Ex Cyber Minister Warns On ISP Snooping

RegulationSecuritySurveillance-ITWorkspace

Lord West says government must stop ISPs reading private emails without consent

The government is today facing calls from a former cyber security minister to do more to stop Internet Service Providers (ISPs) snooping on private emails.

According to the BBC, former Labour minister Lord West said that it was currently too easy for ISPs to disregard existing rules which state that ISPs must ask user permission before reading private emails.

The issue of privacy is a touchy subject among ISPs. Virgin Media for example faced outrage from privacy campaigners in November 2009, when it was found to be trialling new technology from Detica that would allow it to monitor file-sharing over the Internet.

Illegal Access

And other ISPs have trialled deep packet inspection software that intercepts and scans emails for adverts. BT was forced into a u-turn after it trialled the hugely controversial Phorm software that logged surfers’ website visits to enable them to target ads at users.

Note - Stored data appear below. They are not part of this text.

(* Let $f$, $G$, $\mathcal{D}$, $L$, $\sigma^2$, $\varepsilon$, $\Delta=f(x^0)-f^*$ be as in the hypotheses: $f:\mathbb{R}^d\to\mathbb{R}$ differentiable, $L$-smooth, bounded below by $f^*$, and $\mathbb{E}_{\xi\sim\mathcal{D}}[G(x;\xi)]=\nabla f(x)$, $\mathbb{E}_{\xi\sim\mathcal{D}}\|G(x;\xi)-\nabla f(x)\|^2\le\sigma^2$ for all $x$. Run Rennala SGD in the fixed computation model with $n$ workers and times $0<\tau_1\le\dots\le\tau_n$, batch size $S=\max\{\lceil\sigma^2/\varepsilon\rceil,1\}$ and stepsize $\gamma=\min\{1/L,\varepsilon S/(2L\sigma^2)\}$ ($\gamma=1/L$ if $\sigma^2=0$), and assume $K:=24L\Delta/\varepsilon$ is an integer. Then the server has computed $x^0,\dots,x^K$ by time $$96\cdot\min_{m\in[n]}\left[\Big(\frac1m\sum_{i=1}^m\frac1{\tau_i}\Big)^{-1}\Big(\frac{L\Delta}{\varepsilon}+\frac{\sigma^2L\Delta}{m\varepsilon^2}\Big)\right],$$ and $\frac1K\sum_{k=0}^{K-1}\mathbb{E}\|\nabla f(x^k)\|^2\le\varepsilon$.
   Context: Rennala SGD in the fixed computation model: there are a server and $n$ workers; worker $i$ needs exactly $\tau_i$ seconds to compute one stochastic gradient $G(x;\xi)$ with a fresh independent $\xi\sim\mathcal{D}$; communication is instantaneous. At time $0$ every worker receives $(x^0,0)$ and starts computing. Each worker repeatedly: when it has received a pair $(x^k,k)$ it computes $G(x^k;\xi)$ (taking $\tau_i$ seconds), sends $(G(x^k;\xi),k)$ to the server, immediately receives back a pair, and starts computing at the received point. The server runs iterations $k=0,1,\dots,K-1$: it sets $g^k=0$ and an acceptance counter to $0$; whenever a pair $(g,k')$ arrives from a worker, if $k'=k$ it adds $g/S$ to $g^k$ and increments the counter, otherwise it discards $g$; in either case it then sends the current pair $(x^k,k)$ back to that worker; as soon as $S$ gradients have been accepted it sets $x^{k+1}=x^k-\gamma g^k$ and starts iteration $k+1$. *)

theory Defs
  imports "HOL-Probability.Probability"
begin

text \<open>State of Rennala SGD in the fixed computation model (workers indexed 1..n).
  now: time of the last processed arrival; iter: current server iteration k;
  cnt: acceptance counter; acc: accumulator g^k; pt: current server point x^k;
  wlab i / wpt i: label and point worker i is currently computing at;
  wfin i: time at which worker i finishes its current computation.\<close>

record 'a rstate =
  now  :: real
  iter :: nat
  cnt  :: nat
  acc  :: 'a
  pt   :: 'a
  wlab :: "nat \<Rightarrow> nat"
  wpt  :: "nat \<Rightarrow> 'a"
  wfin :: "nat \<Rightarrow> real"

definition next_worker :: "nat \<Rightarrow> (nat \<Rightarrow> real) \<Rightarrow> nat" where
  "next_worker n fin =
     (LEAST i. 1 \<le> i \<and> i \<le> n \<and> (\<forall>j. 1 \<le> j \<and> j \<le> n \<longrightarrow> fin i \<le> fin j))"

text \<open>Processing one arrival; xi is the fresh sample used by the computation
  that has just finished.\<close>
definition rennala_step ::
  "nat \<Rightarrow> (nat \<Rightarrow> real) \<Rightarrow> nat \<Rightarrow> real \<Rightarrow> ('a::real_vector \<Rightarrow> 'b \<Rightarrow> 'a) \<Rightarrow> 'b
    \<Rightarrow> 'a rstate \<Rightarrow> 'a rstate" where
  "rennala_step n \<tau> S \<gamma> G xi s =
    (let i = next_worker n (wfin s);
         t = wfin s i;
         g = G (wpt s i) xi;
         accepted = (wlab s i = iter s);
         acc1 = (if accepted then acc s + (1 / real S) *\<^sub>R g else acc s);
         cnt1 = (if accepted then Suc (cnt s) else cnt s);
         full = (cnt1 = S)
     in s\<lparr> now := t,
           wlab := (wlab s)(i := iter s),
           wpt := (wpt s)(i := pt s),
           wfin := (wfin s)(i := t + \<tau> i),
           iter := (if full then Suc (iter s) else iter s),
           cnt := (if full then 0 else cnt1),
           acc := (if full then 0 else acc1),
           pt := (if full then pt s - \<gamma> *\<^sub>R acc1 else pt s) \<rparr>)"

definition rennala_init :: "(nat \<Rightarrow> real) \<Rightarrow> 'a::real_vector \<Rightarrow> 'a rstate" where
  "rennala_init \<tau> x0 =
     \<lparr> now = 0, iter = 0, cnt = 0, acc = 0, pt = x0,
       wlab = (\<lambda>_. 0), wpt = (\<lambda>_. x0), wfin = \<tau> \<rparr>"

text \<open>State after processing m arrivals; the m-th processed computation uses sample omega m.\<close>
primrec rennala_run ::
  "nat \<Rightarrow> (nat \<Rightarrow> real) \<Rightarrow> nat \<Rightarrow> real \<Rightarrow> ('a::real_vector \<Rightarrow> 'b \<Rightarrow> 'a) \<Rightarrow> 'a
    \<Rightarrow> (nat \<Rightarrow> 'b) \<Rightarrow> nat \<Rightarrow> 'a rstate" where
  "rennala_run n \<tau> S \<gamma> G x0 \<omega> 0 = rennala_init \<tau> x0"
| "rennala_run n \<tau> S \<gamma> G x0 \<omega> (Suc m) =
     rennala_step n \<tau> S \<gamma> G (\<omega> m) (rennala_run n \<tau> S \<gamma> G x0 \<omega> m)"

The Home Office said interception of emails without the sender’s knowledge or consent was already a criminal offence, according to the BBC.

However Lord West feels that further action is needed to prevent abuses.

The Labour peer raised the issue in the House of Lords earlier this week, and said that he had ordered a crackdown when he was in government, but ran out of time to tighten up the rules.

“This is something I think is important for the nation. Giving private companies the right to go and look into people’s emails is something I find rather unhealthy,” Lord West was quoted as saying by the BBC.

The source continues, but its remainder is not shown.